Records excerpted from a collection ->
==================================================

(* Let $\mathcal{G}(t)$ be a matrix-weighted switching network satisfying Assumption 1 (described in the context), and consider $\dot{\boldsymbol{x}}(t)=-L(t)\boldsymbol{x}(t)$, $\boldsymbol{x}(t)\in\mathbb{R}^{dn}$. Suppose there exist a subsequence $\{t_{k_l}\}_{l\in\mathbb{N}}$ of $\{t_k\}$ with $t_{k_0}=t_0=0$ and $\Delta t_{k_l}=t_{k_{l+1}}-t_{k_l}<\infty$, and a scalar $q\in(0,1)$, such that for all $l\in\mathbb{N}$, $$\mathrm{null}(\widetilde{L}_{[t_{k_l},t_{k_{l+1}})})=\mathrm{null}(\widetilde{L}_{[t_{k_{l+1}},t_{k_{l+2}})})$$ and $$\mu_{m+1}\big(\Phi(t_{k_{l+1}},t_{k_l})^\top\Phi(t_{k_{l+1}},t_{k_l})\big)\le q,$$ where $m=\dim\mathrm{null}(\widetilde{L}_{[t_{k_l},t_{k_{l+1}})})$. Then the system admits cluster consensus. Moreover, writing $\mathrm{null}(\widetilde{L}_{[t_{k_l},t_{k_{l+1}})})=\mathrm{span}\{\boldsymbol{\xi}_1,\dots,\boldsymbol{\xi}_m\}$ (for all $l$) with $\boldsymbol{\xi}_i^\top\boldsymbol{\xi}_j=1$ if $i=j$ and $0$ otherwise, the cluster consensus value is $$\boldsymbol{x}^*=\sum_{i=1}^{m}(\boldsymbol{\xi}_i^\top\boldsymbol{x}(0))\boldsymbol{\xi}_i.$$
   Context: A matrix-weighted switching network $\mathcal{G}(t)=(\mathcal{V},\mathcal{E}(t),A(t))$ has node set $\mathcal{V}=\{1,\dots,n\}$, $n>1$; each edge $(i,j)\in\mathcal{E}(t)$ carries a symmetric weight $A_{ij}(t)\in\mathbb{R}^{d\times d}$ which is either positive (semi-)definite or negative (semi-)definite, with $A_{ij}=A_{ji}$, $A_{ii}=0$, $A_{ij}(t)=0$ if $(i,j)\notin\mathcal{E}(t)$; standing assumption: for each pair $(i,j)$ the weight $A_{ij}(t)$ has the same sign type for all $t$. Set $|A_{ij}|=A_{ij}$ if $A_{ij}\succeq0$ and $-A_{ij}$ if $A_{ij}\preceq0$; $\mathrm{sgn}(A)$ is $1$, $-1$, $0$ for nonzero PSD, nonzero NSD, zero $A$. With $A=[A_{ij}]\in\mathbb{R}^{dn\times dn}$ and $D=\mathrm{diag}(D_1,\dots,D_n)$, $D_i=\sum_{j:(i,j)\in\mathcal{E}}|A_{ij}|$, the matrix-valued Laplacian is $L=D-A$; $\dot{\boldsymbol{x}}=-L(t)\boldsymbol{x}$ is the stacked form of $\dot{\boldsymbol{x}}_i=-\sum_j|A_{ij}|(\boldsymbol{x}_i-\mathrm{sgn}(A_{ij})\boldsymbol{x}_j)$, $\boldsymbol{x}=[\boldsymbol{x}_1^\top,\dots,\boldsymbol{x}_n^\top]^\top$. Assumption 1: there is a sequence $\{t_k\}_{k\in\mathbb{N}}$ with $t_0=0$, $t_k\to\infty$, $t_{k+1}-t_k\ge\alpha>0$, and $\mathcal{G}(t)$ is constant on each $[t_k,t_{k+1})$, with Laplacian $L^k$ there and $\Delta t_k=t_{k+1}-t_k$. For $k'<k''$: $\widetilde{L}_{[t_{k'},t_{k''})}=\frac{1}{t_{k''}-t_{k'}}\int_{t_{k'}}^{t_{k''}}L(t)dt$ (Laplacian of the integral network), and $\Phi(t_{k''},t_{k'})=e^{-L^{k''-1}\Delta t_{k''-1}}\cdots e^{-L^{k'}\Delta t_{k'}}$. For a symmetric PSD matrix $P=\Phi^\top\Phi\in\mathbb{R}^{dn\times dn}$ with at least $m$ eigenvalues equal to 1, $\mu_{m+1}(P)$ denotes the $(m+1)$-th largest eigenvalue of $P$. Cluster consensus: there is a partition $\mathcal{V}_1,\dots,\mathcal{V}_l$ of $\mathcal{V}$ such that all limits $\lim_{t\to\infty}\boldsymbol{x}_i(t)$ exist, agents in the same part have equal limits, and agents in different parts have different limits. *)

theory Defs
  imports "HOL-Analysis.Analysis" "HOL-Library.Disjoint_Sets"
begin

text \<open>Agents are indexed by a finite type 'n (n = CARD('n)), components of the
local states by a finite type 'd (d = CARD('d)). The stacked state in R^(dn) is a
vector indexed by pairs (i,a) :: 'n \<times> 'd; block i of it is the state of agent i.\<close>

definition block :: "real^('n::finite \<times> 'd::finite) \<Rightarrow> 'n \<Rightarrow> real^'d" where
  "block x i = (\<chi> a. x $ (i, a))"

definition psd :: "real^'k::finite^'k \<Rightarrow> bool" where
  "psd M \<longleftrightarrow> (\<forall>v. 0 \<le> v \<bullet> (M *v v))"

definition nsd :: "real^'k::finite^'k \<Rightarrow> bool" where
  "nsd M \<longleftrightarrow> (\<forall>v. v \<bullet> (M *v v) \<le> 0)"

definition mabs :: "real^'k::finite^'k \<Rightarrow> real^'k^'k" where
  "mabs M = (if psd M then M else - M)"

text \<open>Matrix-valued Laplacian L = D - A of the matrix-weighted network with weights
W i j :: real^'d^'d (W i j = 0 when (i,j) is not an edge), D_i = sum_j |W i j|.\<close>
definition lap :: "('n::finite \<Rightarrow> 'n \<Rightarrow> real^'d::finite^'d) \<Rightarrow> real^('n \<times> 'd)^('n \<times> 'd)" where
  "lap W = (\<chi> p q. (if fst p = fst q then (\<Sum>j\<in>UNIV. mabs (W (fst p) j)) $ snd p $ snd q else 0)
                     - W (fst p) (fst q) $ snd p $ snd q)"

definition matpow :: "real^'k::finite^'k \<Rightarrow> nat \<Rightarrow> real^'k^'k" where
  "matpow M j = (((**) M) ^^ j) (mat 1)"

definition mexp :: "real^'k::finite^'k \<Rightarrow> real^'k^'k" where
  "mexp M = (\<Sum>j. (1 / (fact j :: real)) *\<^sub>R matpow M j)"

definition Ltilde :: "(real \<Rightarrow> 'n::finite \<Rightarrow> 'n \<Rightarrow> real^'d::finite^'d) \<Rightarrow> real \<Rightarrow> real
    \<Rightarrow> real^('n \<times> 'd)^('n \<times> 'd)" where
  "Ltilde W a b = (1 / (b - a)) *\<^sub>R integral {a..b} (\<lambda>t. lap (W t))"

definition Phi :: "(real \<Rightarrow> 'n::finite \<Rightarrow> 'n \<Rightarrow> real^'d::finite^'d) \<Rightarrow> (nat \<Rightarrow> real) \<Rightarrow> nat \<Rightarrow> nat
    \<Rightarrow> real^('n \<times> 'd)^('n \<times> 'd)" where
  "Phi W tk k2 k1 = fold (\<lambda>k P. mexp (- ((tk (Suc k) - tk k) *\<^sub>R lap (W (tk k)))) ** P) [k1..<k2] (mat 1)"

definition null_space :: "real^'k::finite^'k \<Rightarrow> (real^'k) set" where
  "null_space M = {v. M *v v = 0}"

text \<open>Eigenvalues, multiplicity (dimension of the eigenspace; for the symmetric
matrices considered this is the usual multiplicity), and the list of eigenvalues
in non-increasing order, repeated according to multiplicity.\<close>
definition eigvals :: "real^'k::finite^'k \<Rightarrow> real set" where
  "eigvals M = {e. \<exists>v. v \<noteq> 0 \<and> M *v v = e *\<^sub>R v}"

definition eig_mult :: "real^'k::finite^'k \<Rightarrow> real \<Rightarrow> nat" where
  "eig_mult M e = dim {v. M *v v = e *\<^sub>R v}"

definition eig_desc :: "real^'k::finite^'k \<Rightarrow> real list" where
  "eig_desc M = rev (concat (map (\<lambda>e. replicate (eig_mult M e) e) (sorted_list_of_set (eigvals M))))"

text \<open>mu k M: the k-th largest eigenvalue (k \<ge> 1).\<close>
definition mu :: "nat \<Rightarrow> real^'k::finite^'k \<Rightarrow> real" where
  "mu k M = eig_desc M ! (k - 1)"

==================================================

EXERCISE -> Search the entries for the string "forall" and copy each line where it occurs.

WRITTEN RESPONSE ->
  "psd M \<longleftrightarrow> (\<forall>v. 0 \<le> v \<bullet> (M *v v))"
  "nsd M \<longleftrightarrow> (\<forall>v. v \<bullet> (M *v v) \<le> 0)"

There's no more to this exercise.